As you can see, we have various steps in place to ensure the safety and security of our customers and their data. While we are unable to verify the authenticity of the rumours at this point, we can confirm that our customers, their cards and their money is safe.
Double Trouble for Pakistani Banks?
Pakistani bank card details are rarely sold on underground cardshops. This and the fact that all the cards came on sale with PIN codes explains the high price of this latest card dump, which is 50 USD per card, while usually, the price per card on dark web forums ranges from 10 to 40 USD.
First set of dumps, titled «PAKISTAN-D+P-01», was up for sale on Jan. 24, 2019 and included 1,535 cards, 1,457 of which were issued by Meezan Bank Ltd. It is worth noting that this batch of cards was not announced on the forum.
The second database was put up on Joker’s Stash on January 30th. The «PAKISTAN-D+P-02» set, comprised of the details of 67,654 cards of Pakistani banks was significantly larger.

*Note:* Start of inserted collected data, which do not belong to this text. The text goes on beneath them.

(* Let $t>0$ and $\tau=t/2\pi\ge648$. Then \[ \Bigl|\sum_{n\le(t/2\pi)^{1/2}}\frac{1}{n^{1/2+it}}\Bigr|\le 1.89725\,\tau^{1/6}\log\tau+9.89044\,\tau^{1/6}. \]
   Context: The sum runs over positive integers $n$. *)

theory Defs
  imports "HOL-Analysis.Analysis"
begin

end

theory Submission
  imports Defs
begin

(*
  Write s = t^(1/3) and split the sum at m = ceiling (64 s). The initial segment is bounded
  trivially by 2 sqrt m. The rest is cut into dyadic blocks (M, 2M]; partial summation removes
  the weight n^(-1/2) at the cost of a factor M^(-1/2), and the sum of n^(-it) over a block is
  bounded by van der Corput's inequality with differencing length H = floor (M / s). The
  differenced phases t (log (n + h) - log n) have second differences between t h / (4 M^3) and
  2 t h / M^3, so the discrete second-derivative test, obtained from the Kusmin-Landau
  first-derivative test by sorting the first differences modulo 2 pi, bounds each correlation
  sum by 9 s. This gives 5 sqrt s per block, and there are at most log tau / 4 - 5 blocks.
  The argument needs s >= 1000; for tau <= 2^60 the trivial bound 2 tau^(1/4) already suffices.
*)

section \<open>The Kusmin-Landau first-derivative test\<close>

definition forward_diff :: "(nat \<Rightarrow> real) \<Rightarrow> nat \<Rightarrow> real" where
  "forward_diff u n = u (Suc n) - u n"

lemma sin_ge_half_self:
  fixes x :: real
  assumes "0 \<le> x" "x \<le> 1"
  shows "x/2 \<le> sin x"
proof (cases "x = 0")
  case False
  then have "0 < x" using assms by simp
  have "\<exists>z. 0 < z \<and> z < x \<and> (sin x - x/2) - (sin 0 - 0/2) = (x - 0) * (cos z - 1/2)"
    by (rule MVT2[OF \<open>0 < x\<close>]) (auto intro!: derivative_eq_intros)
  then obtain z where z: "0 < z" "z < x" "sin x - x/2 = x * (cos z - 1/2)"
    by auto
  have "cos (pi/3) \<le> cos z"
    using z assms pi_gt3 by (intro cos_monotone_0_pi_le) auto
  then have "0 \<le> x * (cos z - 1/2)" using \<open>0 < x\<close> by (simp add: cos_60)
  then show ?thesis using z by simp
qed simp

lemma sin_ge_quarter_margin:
  fixes \<eta> \<theta> :: real
  assumes "0 < \<eta>" "\<eta> \<le> 1" "\<eta>/2 \<le> \<theta>" "\<theta> \<le> pi - \<eta>/2"
  shows "\<eta>/4 \<le> sin \<theta>"
proof -
  have "\<eta>/4 \<le> sin (\<eta>/2)" using sin_ge_half_self[of "\<eta>/2"] assms by simp
  also have "\<dots> \<le> sin \<theta>"
  proof (cases "\<theta> \<le> pi/2")
    case True
    then show ?thesis using assms by (intro sin_monotone_2pi_le) auto
  next
    case False
    have "sin (\<eta>/2) \<le> sin (pi - \<theta>)" using assms False by (intro sin_monotone_2pi_le) auto
    then show ?thesis by simp
  qed
  finally show ?thesis .
qed

lemma cot_antimono:
  fixes x y :: real
  assumes "0 < x" "x \<le> y" "y < pi"
  shows "cot y \<le> cot x"
proof -
  have "0 < sin x" "0 < sin y" using assms by (auto intro!: sin_gt_zero)
  moreover have "0 \<le> sin (y - x)" using assms by (intro sin_ge_zero) auto
  ultimately show ?thesis by (simp add: cot_def sin_diff divide_simps mult.commute)
qed

lemma cis_double_sub_one_inverse:
  fixes \<theta> :: real
  assumes "sin \<theta> \<noteq> 0"
  shows "- (1 + \<i> * of_real (cot \<theta>)) / 2 * (cis (2 * \<theta>) - 1) = 1"
proof -
  have "sin (2 * \<theta>) = 2 * sin \<theta> * cos \<theta>" "cos (2 * \<theta>) = (cos \<theta>)\<^sup>2 - (sin \<theta>)\<^sup>2"
    by (rule sin_double cos_double)+
  then show ?thesis
    unfolding cis.code complex_eq_iff cot_def using assms
    by (simp add: field_simps power2_eq_square) (use sin_cos_squared_add[of \<theta>] in algebra)
qed

lemma norm_one_plus_i_cot_le:
  fixes \<eta> \<theta> :: real
  assumes "0 < \<eta>" "\<eta>/4 \<le> sin \<theta>"
  shows "cmod (1 + \<i> * of_real (cot \<theta>)) \<le> 4/\<eta>"
proof -
  have "0 < sin \<theta>" using assms by linarith
  have "(cmod (1 + \<i> * of_real (cot \<theta>)))\<^sup>2 = 1 + (cot \<theta>)\<^sup>2"
    by (simp add: cmod_power2)
  also have "\<dots> = (1 / sin \<theta>)\<^sup>2"
    using \<open>0 < sin \<theta>\<close> sin_cos_squared_add[of \<theta>] by (simp add: cot_def field_simps)
  finally have "cmod (1 + \<i> * of_real (cot \<theta>)) = 1 / sin \<theta>"
    using \<open>0 < sin \<theta>\<close> by (simp add: power2_eq_iff_nonneg)
  also have "\<dots> \<le> 1 / (\<eta>/4)"
    using assms by (intro divide_left_mono) auto
  finally show ?thesis by simp
qed

lemma sum_by_parts:
  fixes c w :: "nat \<Rightarrow> 'a::comm_ring"
  assumes "a \<le> b"
  shows "(\<Sum>n=a..b. c n * (w (Suc n) - w n))
       = c b * w (Suc b) - c a * w a - (\<Sum>n=a..<b. (c (Suc n) - c n) * w (Suc n))"
  using assms
proof (induction b rule: dec_induct)
  case (step n)
  then show ?case by (simp add: algebra_simps)
qed (simp add: algebra_simps)

lemma norm_sum_le_by_parts:
  fixes c w :: "nat \<Rightarrow> 'a::real_normed_field"
  assumes "a \<le> b" and w_eq: "\<And>n. a \<le> n \<Longrightarrow> n \<le> b \<Longrightarrow> w n = c n * (w (Suc n) - w n)"
    and w_le: "\<And>n. norm (w n) \<le> 1"
  shows "norm (\<Sum>n=a..b. w n) \<le> norm (c a) + norm (c b) + (\<Sum>n=a..<b. norm (c (Suc n) - c n))"
proof -
  have "(\<Sum>n=a..b. w n) = (\<Sum>n=a..b. c n * (w (Suc n) - w n))"
    using w_eq by (intro sum.cong) auto
  also have "\<dots> = c b * w (Suc b) - c a * w a - (\<Sum>n=a..<b. (c (Suc n) - c n) * w (Suc n))"
    using \<open>a \<le> b\<close> by (rule sum_by_parts)
  finally have "norm (\<Sum>n=a..b. w n)
      \<le> norm (c b * w (Suc b)) + norm (c a * w a) + norm (\<Sum>n=a..<b. (c (Suc n) - c n) * w (Suc n))"
    by (simp add: order_trans[OF norm_triangle_ineq4 add_right_mono[OF norm_triangle_ineq4]])
  also have "\<dots> \<le> norm (c b) + norm (c a) + (\<Sum>n=a..<b. norm (c (Suc n) - c n))"
    using w_le
    by (intro add_mono order_trans[OF norm_sum sum_mono]) (auto simp: norm_mult intro: mult_left_le)
  finally show ?thesis by simp
qed

(* With c n = -(1 + i cot (theta n)) / 2 one has w n = c n * (w (n + 1) - w n); after summation
   by parts only c a, c b and the variation of the monotone sequence cot (theta n) remain. *)
lemma kusmin_landau_angles:
  fixes w :: "nat \<Rightarrow> complex" and \<theta> :: "nat \<Rightarrow> real"
  assumes "a \<le> b" and \<eta>: "0 < \<eta>" "\<eta> \<le> 1"
    and range: "\<And>n. a \<le> n \<Longrightarrow> n \<le> b \<Longrightarrow> \<eta>/2 \<le> \<theta> n \<and> \<theta> n \<le> pi - \<eta>/2"
    and mono: "\<And>n. a \<le> n \<Longrightarrow> n < b \<Longrightarrow> \<theta> n \<le> \<theta> (Suc n)"
    and rotate: "\<And>n. a \<le> n \<Longrightarrow> n \<le> b \<Longrightarrow> w (Suc n) = w n * cis (2 * \<theta> n)"
    and unit: "\<And>n. cmod (w n) \<le> 1"
  shows "cmod (\<Sum>n=a..b. w n) \<le> 8/\<eta>"
proof -
  have sin_\<theta>: "\<eta>/4 \<le> sin (\<theta> n)" if "a \<le> n" "n \<le> b" for n
    using range[OF that] \<eta> by (intro sin_ge_quarter_margin) auto
  define c where "c n = - (1 + \<i> * of_real (cot (\<theta> n))) / 2" for n
  have w_eq: "w n = c n * (w (Suc n) - w n)" if "a \<le> n" "n \<le> b" for n
  proof -
    have "c n * (cis (2 * \<theta> n) - 1) = 1"
      unfolding c_def using sin_\<theta>[OF that] \<eta> by (intro cis_double_sub_one_inverse) auto
    moreover have "c n * (w (Suc n) - w n) = w n * (c n * (cis (2 * \<theta> n) - 1))"
      using rotate[OF that] by (simp add: algebra_simps)
    ultimately show ?thesis by simp
  qed
  have cot_bound: "cmod (1 + \<i> * of_real (cot (\<theta> n))) \<le> 4/\<eta>" if "a \<le> n" "n \<le> b" for n
    using \<open>0 < \<eta>\<close> sin_\<theta>[OF that] by (rule norm_one_plus_i_cot_le)
  have norm_c_diff: "cmod (c (Suc n) - c n) = (cot (\<theta> n) - cot (\<theta> (Suc n))) / 2"
    if "a \<le> n" "n < b" for n
  proof -
    have "cot (\<theta> (Suc n)) \<le> cot (\<theta> n)"
      using range[of n] range[of "Suc n"] mono[OF that] that \<eta> by (intro cot_antimono) auto
    moreover have "c (Suc n) - c n = - \<i> * of_real ((cot (\<theta> (Suc n)) - cot (\<theta> n)) / 2)"
      by (simp add: c_def algebra_simps diff_divide_distrib)
    ultimately show ?thesis by (simp add: norm_mult norm_divide flip: of_real_diff)
  qed
  have "cmod (\<Sum>n=a..b. w n) \<le> cmod (c a) + cmod (c b) + (\<Sum>n=a..<b. cmod (c (Suc n) - c n))"
    using \<open>a \<le> b\<close> w_eq unit by (rule norm_sum_le_by_parts)
  also have "(\<Sum>n=a..<b. cmod (c (Suc n) - c n)) = (cot (\<theta> a) - cot (\<theta> b)) / 2"
    using norm_c_diff sum_Suc_diff'[OF \<open>a \<le> b\<close>, of "\<lambda>n. - cot (\<theta> n) / 2"]
    by (simp add: diff_divide_distrib)
  also have "cmod (c a) + cmod (c b) + (cot (\<theta> a) - cot (\<theta> b)) / 2 \<le> 4/\<eta> + 4/\<eta>"
  proof -
    have norm_c: "cmod (c n) = cmod (1 + \<i> * of_real (cot (\<theta> n))) / 2" for n
      unfolding c_def norm_divide norm_minus_cancel by simp
    have half_sum_le: "A/2 + B/2 + (x - y)/2 \<le> A + B" if "x \<le> A" "- y \<le> B" for A B x y :: real
      using that by (simp add: field_simps)
    have abs_cot: "\<bar>cot (\<theta> n)\<bar> \<le> cmod (1 + \<i> * of_real (cot (\<theta> n)))" for n
      using abs_Im_le_cmod[of "1 + \<i> * of_real (cot (\<theta> n))"] by simp
    have "cmod (c a) + cmod (c b) + (cot (\<theta> a) - cot (\<theta> b)) / 2
        \<le> cmod (1 + \<i> * of_real (cot (\<theta> a))) + cmod (1 + \<i> * of_real (cot (\<theta> b)))"
      unfolding norm_c using abs_le_D1[OF abs_cot[of a]] abs_le_D2[OF abs_cot[of b]]
      by (rule half_sum_le[where A = "cmod _" and B = "cmod _"])
    also have "\<dots> \<le> 4/\<eta> + 4/\<eta>"
      using cot_bound[OF order_refl \<open>a \<le> b\<close>] cot_bound[OF \<open>a \<le> b\<close> order_refl] by (rule add_mono)
    finally show ?thesis .
  qed
  finally show ?thesis by simp
qed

The sellers marked the set as “high valid” and, unlike the first set, advertised the database on all major underground forums such as («Omerta», «Crdclub», «Enclave» etc.).
Dmitry Shestakov, Head of Group-IB сybercrime research unit, said:
The scale, volume, frequency and connection to one institution contributes to the theory that the leak might be involved in a larger incident, potentially an advanced actor gaining access to card systems within Pakistan.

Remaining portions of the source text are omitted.